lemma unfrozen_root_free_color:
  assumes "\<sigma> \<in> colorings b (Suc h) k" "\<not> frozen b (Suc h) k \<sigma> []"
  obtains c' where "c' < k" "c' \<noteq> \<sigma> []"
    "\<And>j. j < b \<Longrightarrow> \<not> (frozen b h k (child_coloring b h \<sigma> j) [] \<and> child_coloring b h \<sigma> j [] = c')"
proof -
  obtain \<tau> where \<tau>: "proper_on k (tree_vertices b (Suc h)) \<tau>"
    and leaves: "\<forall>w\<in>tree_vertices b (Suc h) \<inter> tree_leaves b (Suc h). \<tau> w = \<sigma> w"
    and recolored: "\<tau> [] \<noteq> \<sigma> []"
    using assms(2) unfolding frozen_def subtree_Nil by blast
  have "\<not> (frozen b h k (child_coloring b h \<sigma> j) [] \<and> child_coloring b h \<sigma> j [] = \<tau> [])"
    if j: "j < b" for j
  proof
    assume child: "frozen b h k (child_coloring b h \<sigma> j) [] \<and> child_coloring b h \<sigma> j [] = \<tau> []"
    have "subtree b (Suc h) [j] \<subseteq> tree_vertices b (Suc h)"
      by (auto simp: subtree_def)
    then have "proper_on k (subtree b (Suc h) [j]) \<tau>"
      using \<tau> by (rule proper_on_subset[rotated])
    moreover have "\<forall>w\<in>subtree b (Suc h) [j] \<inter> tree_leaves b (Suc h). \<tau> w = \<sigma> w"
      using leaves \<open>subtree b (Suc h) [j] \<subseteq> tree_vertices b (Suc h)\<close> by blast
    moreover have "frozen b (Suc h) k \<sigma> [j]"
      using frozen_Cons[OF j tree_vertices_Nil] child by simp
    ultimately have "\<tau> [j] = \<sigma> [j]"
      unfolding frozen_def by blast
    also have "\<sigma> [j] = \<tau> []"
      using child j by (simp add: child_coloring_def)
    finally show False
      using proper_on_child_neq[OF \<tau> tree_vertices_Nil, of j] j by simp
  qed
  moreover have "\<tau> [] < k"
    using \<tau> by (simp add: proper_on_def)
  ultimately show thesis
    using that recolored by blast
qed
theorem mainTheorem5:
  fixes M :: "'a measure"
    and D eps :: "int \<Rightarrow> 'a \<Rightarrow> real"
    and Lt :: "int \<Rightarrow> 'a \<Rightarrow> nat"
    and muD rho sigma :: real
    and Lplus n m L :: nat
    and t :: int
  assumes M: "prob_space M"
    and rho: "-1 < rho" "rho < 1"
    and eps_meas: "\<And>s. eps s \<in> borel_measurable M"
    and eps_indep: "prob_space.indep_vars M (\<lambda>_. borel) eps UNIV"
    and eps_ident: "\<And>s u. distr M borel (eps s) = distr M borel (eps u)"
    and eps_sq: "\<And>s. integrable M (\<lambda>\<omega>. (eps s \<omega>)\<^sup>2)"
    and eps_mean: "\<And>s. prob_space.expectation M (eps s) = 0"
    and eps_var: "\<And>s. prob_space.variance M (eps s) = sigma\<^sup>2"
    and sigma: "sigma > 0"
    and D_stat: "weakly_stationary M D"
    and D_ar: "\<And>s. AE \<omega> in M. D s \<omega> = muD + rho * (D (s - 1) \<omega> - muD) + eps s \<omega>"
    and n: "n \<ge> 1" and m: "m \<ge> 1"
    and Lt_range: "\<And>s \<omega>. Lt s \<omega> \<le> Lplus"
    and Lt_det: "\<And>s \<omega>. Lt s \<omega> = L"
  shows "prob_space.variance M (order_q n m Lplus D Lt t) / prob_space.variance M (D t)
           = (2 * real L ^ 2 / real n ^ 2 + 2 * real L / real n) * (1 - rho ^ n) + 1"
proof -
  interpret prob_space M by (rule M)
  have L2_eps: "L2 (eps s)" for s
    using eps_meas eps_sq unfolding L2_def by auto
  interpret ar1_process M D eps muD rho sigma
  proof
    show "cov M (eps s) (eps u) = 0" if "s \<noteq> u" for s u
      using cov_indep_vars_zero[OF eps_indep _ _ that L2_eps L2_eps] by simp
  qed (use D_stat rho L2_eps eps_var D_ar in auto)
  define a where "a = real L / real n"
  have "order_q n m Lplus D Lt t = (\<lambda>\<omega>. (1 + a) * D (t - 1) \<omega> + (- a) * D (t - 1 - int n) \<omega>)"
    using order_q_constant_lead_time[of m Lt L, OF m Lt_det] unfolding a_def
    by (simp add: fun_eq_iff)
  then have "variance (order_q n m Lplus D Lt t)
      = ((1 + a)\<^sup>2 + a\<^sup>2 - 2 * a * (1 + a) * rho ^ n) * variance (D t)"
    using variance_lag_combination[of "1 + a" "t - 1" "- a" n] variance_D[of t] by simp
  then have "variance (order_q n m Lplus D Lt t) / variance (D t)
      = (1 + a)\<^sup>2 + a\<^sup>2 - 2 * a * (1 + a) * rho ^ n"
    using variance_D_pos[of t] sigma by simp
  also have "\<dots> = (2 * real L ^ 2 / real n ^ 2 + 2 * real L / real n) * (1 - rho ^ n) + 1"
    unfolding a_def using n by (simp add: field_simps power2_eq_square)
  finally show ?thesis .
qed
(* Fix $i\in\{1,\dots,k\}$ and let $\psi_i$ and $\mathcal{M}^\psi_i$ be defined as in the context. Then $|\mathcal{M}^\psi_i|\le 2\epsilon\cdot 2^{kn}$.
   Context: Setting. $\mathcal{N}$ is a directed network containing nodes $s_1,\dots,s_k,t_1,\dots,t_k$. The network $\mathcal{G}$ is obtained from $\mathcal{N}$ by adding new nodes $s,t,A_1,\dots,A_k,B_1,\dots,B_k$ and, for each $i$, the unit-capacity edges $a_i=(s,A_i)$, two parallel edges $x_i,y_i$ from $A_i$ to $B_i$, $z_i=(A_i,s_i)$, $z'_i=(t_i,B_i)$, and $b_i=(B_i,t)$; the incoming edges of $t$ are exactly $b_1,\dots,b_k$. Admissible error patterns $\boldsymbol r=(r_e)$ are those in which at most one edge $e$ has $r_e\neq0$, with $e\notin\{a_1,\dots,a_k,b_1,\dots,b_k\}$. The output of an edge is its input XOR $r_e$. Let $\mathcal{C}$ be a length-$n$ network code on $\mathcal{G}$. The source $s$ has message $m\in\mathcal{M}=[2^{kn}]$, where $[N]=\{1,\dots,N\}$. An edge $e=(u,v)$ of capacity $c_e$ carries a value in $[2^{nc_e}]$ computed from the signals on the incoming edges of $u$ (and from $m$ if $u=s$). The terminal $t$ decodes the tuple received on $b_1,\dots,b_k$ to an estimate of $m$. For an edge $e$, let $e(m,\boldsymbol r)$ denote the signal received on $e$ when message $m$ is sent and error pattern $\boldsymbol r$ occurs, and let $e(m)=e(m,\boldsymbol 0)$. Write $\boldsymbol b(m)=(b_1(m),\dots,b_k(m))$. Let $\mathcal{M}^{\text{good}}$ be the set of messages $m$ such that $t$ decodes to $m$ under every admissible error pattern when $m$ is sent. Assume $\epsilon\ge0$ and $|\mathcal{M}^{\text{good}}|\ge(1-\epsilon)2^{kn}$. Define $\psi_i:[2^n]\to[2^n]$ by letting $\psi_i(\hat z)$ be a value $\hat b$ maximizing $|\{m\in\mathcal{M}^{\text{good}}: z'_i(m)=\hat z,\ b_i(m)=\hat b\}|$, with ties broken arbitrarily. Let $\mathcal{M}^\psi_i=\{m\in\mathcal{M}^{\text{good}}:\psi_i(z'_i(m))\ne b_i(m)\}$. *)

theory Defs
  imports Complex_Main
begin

----------

» **REQUIRED WORK**:
Each of the entries above should be written out again exactly.

» **TASK ANSWER**:
lemma unfrozen_root_free_color:
  assumes "\<sigma> \<in> colorings b (Suc h) k" "\<not> frozen b (Suc h) k \<sigma> []"
  obtains c' where "c' < k" "c' \<noteq> \<sigma> []"
    "\<And>j. j < b \<Longrightarrow> \<not> (frozen b h k (child_coloring b h \<sigma> j) [] \<and> child_coloring b h \<sigma> j [] = c')"
proof -
  obtain \<tau> where \<tau>: "proper_on k (tree_vertices b (Suc h)) \<tau>"
    and leaves: "\<forall>w\<in>tree_vertices b (Suc h) \<inter> tree_leaves b (Suc h). \<tau> w = \<sigma> w"
    and recolored: "\<tau> [] \<noteq> \<sigma> []"
    using assms(2) unfolding frozen_def subtree_Nil by blast
  have "\<not> (frozen b h k (child_coloring b h \<sigma> j) [] \<and> child_coloring b h \<sigma> j [] = \<tau> [])"
    if j: "j < b" for j
  proof
    assume child: "frozen b h k (child_coloring b h \<sigma> j) [] \<and> child_coloring b h \<sigma> j [] = \<tau> []"
    have "subtree b (Suc h) [j] \<subseteq> tree_vertices b (Suc h)"
      by (auto simp: subtree_def)
    then have "proper_on k (subtree b (Suc h) [j]) \<tau>"
      using \<tau> by (rule proper_on_subset[rotated])
    moreover have "\<forall>w\<in>subtree b (Suc h) [j] \<inter> tree_leaves b (Suc h). \<tau> w = \<sigma> w"
      using leaves \<open>subtree b (Suc h) [j] \<subseteq> tree_vertices b (Suc h)\<close> by blast
    moreover have "frozen b (Suc h) k \<sigma> [j]"
      using frozen_Cons[OF j tree_vertices_Nil] child by simp
    ultimately have "\<tau> [j] = \<sigma> [j]"
      unfolding frozen_def by blast
    also have "\<sigma> [j] = \<tau> []"
      using child j by (simp add: child_coloring_def)
    finally show False
      using proper_on_child_neq[OF \<tau> tree_vertices_Nil, of j] j by simp
  qed
  moreover have "\<tau> [] < k"
    using \<tau> by (simp add: proper_on_def)
  ultimately show thesis
    using that recolored by blast
qed
theorem mainTheorem5:
  fixes M :: "'a measure"
    and D eps :: "int \<Rightarrow> 'a \<Rightarrow> real"
    and Lt :: "int \<Rightarrow> 'a \<Rightarrow> nat"
    and muD rho sigma :: real
    and Lplus n m L :: nat
    and t :: int
  assumes M: "prob_space M"
    and rho: "-1 < rho" "rho < 1"
    and eps_meas: "\<And>s. eps s \<in> borel_measurable M"
    and eps_indep: "prob_space.indep_vars M (\<lambda>_. borel) eps UNIV"
    and eps_ident: "\<And>s u. distr M borel (eps s) = distr M borel (eps u)"
    and eps_sq: "\<And>s. integrable M (\<lambda>\<omega>. (eps s \<omega>)\<^sup>2)"
    and eps_mean: "\<And>s. prob_space.expectation M (eps s) = 0"
    and eps_var: "\<And>s. prob_space.variance M (eps s) = sigma\<^sup>2"
    and sigma: "sigma > 0"
    and D_stat: "weakly_stationary M D"
    and D_ar: "\<And>s. AE \<omega> in M. D s \<omega> = muD + rho * (D (s - 1) \<omega> - muD) + eps s \<omega>"
    and n: "n \<ge> 1" and m: "m \<ge> 1"
    and Lt_range: "\<And>s \<omega>. Lt s \<omega> \<le> Lplus"
    and Lt_det: "\<And>s \<omega>. Lt s \<omega> = L"
  shows "prob_space.variance M (order_q n m Lplus D Lt t) / prob_space.variance M (D t)
           = (2 * real L ^ 2 / real n ^ 2 + 2 * real L / real n) * (1 - rho ^ n) + 1"
proof -
  interpret prob_space M by (rule M)
  have L2_eps: "L2 (eps s)" for s
    using eps_meas eps_sq unfolding L2_def by auto
  interpret ar1_process M D eps muD rho sigma
  proof
    show "cov M (eps s) (eps u) = 0" if "s \<noteq> u" for s u
      using cov_indep_vars_zero[OF eps_indep _ _ that L2_eps L2_eps] by simp
  qed (use D_stat rho L2_eps eps_var D_ar in auto)
  define a where "a = real L / real n"
  have "order_q n m Lplus D Lt t = (\<lambda>\<omega>. (1 + a) * D (t - 1) \<omega> + (- a) * D (t - 1 - int n) \<omega>)"
    using order_q_constant_lead_time[of m Lt L, OF m Lt_det] unfolding a_def
    by (simp add: fun_eq_iff)
  then have "variance (order_q n m Lplus D Lt t)
      = ((1 + a)\<^sup>2 + a\<^sup>2 - 2 * a * (1 + a) * rho ^ n) * variance (D t)"
    using variance_lag_combination[of "1 + a" "t - 1" "- a" n] variance_D[of t] by simp
  then have "variance (order_q n m Lplus D Lt t) / variance (D t)
      = (1 + a)\<^sup>2 + a\<^sup>2 - 2 * a * (1 + a) * rho ^ n"
    using variance_D_pos[of t] sigma by simp
  also have "\<dots> = (2 * real L ^ 2 / real n ^ 2 + 2 * real L / real n) * (1 - rho ^ n) + 1"
    unfolding a_def using n by (simp add: field_simps power2_eq_square)
  finally show ?thesis .
qed
(* Fix $i\in\{1,\dots,k\}$ and let $\psi_i$ and $\mathcal{M}^\psi_i$ be defined as in the context. Then $|\mathcal{M}^\psi_i|\le 2\epsilon\cdot 2^{kn}$.
   Context: Setting. $\mathcal{N}$ is a directed network containing nodes $s_1,\dots,s_k,t_1,\dots,t_k$. The network $\mathcal{G}$ is obtained from $\mathcal{N}$ by adding new nodes $s,t,A_1,\dots,A_k,B_1,\dots,B_k$ and, for each $i$, the unit-capacity edges $a_i=(s,A_i)$, two parallel edges $x_i,y_i$ from $A_i$ to $B_i$, $z_i=(A_i,s_i)$, $z'_i=(t_i,B_i)$, and $b_i=(B_i,t)$; the incoming edges of $t$ are exactly $b_1,\dots,b_k$. Admissible error patterns $\boldsymbol r=(r_e)$ are those in which at most one edge $e$ has $r_e\neq0$, with $e\notin\{a_1,\dots,a_k,b_1,\dots,b_k\}$. The output of an edge is its input XOR $r_e$. Let $\mathcal{C}$ be a length-$n$ network code on $\mathcal{G}$. The source $s$ has message $m\in\mathcal{M}=[2^{kn}]$, where $[N]=\{1,\dots,N\}$. An edge $e=(u,v)$ of capacity $c_e$ carries a value in $[2^{nc_e}]$ computed from the signals on the incoming edges of $u$ (and from $m$ if $u=s$). The terminal $t$ decodes the tuple received on $b_1,\dots,b_k$ to an estimate of $m$. For an edge $e$, let $e(m,\boldsymbol r)$ denote the signal received on $e$ when message $m$ is sent and error pattern $\boldsymbol r$ occurs, and let $e(m)=e(m,\boldsymbol 0)$. Write $\boldsymbol b(m)=(b_1(m),\dots,b_k(m))$. Let $\mathcal{M}^{\text{good}}$ be the set of messages $m$ such that $t$ decodes to $m$ under every admissible error pattern when $m$ is sent. Assume $\epsilon\ge0$ and $|\mathcal{M}^{\text{good}}|\ge(1-\epsilon)2^{kn}$. Define $\psi_i:[2^n]\to[2^n]$ by letting $\psi_i(\hat z)$ be a value $\hat b$ maximizing $|\{m\in\mathcal{M}^{\text{good}}: z'_i(m)=\hat z,\ b_i(m)=\hat b\}|$, with ties broken arbitrarily. Let $\mathcal{M}^\psi_i=\{m\in\mathcal{M}^{\text{good}}:\psi_i(z'_i(m))\ne b_i(m)\}$. *)

theory Defs
  imports Complex_Main
begin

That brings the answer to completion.